**Aim of the task:** Go through the data below line by line and report how many lines contain "otimes", giving only that figure.

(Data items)
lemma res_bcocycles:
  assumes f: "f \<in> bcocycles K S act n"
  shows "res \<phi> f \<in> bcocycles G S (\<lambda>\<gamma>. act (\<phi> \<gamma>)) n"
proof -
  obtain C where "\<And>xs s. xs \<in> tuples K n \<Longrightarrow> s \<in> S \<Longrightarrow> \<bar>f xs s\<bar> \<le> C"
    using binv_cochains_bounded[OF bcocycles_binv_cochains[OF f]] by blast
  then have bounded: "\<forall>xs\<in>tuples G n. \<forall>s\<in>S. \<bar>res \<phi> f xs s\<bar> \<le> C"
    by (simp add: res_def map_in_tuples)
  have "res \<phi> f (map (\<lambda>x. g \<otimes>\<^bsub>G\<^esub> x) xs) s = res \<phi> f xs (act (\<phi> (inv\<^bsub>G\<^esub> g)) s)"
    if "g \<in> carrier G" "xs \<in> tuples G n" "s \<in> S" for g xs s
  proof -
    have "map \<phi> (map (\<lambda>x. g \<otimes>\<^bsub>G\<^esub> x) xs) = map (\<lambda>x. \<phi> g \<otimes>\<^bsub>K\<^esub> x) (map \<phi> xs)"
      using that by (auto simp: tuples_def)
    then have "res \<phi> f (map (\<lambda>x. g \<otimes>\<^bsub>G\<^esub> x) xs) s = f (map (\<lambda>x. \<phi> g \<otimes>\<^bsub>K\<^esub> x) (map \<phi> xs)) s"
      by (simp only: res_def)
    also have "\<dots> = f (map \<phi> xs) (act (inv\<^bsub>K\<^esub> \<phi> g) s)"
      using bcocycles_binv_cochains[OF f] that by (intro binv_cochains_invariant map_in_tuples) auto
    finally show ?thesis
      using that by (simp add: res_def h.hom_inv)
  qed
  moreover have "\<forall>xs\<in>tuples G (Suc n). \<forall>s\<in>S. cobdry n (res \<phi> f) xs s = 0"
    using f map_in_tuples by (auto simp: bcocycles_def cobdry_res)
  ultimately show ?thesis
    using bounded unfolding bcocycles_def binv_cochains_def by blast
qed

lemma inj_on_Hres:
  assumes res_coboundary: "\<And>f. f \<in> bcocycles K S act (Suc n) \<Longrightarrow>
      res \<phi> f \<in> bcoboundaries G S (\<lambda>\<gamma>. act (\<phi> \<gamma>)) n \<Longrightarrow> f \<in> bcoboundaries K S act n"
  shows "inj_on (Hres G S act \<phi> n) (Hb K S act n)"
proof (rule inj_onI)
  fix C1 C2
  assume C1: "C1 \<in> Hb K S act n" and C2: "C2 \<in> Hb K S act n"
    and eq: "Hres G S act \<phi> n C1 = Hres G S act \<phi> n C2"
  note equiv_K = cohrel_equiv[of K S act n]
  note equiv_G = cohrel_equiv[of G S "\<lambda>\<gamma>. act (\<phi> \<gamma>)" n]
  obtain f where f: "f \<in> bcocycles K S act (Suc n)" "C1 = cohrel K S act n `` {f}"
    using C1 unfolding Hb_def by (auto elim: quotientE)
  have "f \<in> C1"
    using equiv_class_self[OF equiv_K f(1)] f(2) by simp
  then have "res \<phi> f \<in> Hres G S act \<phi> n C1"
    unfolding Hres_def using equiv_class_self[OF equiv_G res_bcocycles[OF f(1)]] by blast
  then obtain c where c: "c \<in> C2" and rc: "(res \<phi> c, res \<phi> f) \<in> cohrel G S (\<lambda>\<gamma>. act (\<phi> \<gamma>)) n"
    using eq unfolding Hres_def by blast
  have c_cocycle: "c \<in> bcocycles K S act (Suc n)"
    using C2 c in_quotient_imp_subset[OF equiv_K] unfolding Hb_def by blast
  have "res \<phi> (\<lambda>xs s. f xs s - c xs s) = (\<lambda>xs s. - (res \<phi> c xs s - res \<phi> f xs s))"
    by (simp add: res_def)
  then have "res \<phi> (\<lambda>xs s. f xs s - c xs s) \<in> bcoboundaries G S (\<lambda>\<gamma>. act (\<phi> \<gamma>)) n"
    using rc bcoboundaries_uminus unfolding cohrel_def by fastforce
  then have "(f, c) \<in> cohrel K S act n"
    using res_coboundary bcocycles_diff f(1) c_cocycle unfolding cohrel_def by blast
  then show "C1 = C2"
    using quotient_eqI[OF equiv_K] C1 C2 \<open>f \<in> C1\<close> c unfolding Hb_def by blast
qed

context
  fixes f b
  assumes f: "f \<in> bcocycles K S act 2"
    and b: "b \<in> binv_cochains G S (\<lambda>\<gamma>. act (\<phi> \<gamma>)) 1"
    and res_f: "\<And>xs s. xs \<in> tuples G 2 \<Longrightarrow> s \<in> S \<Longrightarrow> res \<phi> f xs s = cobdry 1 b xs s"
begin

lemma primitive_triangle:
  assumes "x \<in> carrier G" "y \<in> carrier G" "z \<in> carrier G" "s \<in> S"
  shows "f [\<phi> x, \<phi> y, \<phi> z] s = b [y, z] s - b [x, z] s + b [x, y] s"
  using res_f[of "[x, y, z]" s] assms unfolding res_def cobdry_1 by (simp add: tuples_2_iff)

**Solution for this problem:** 3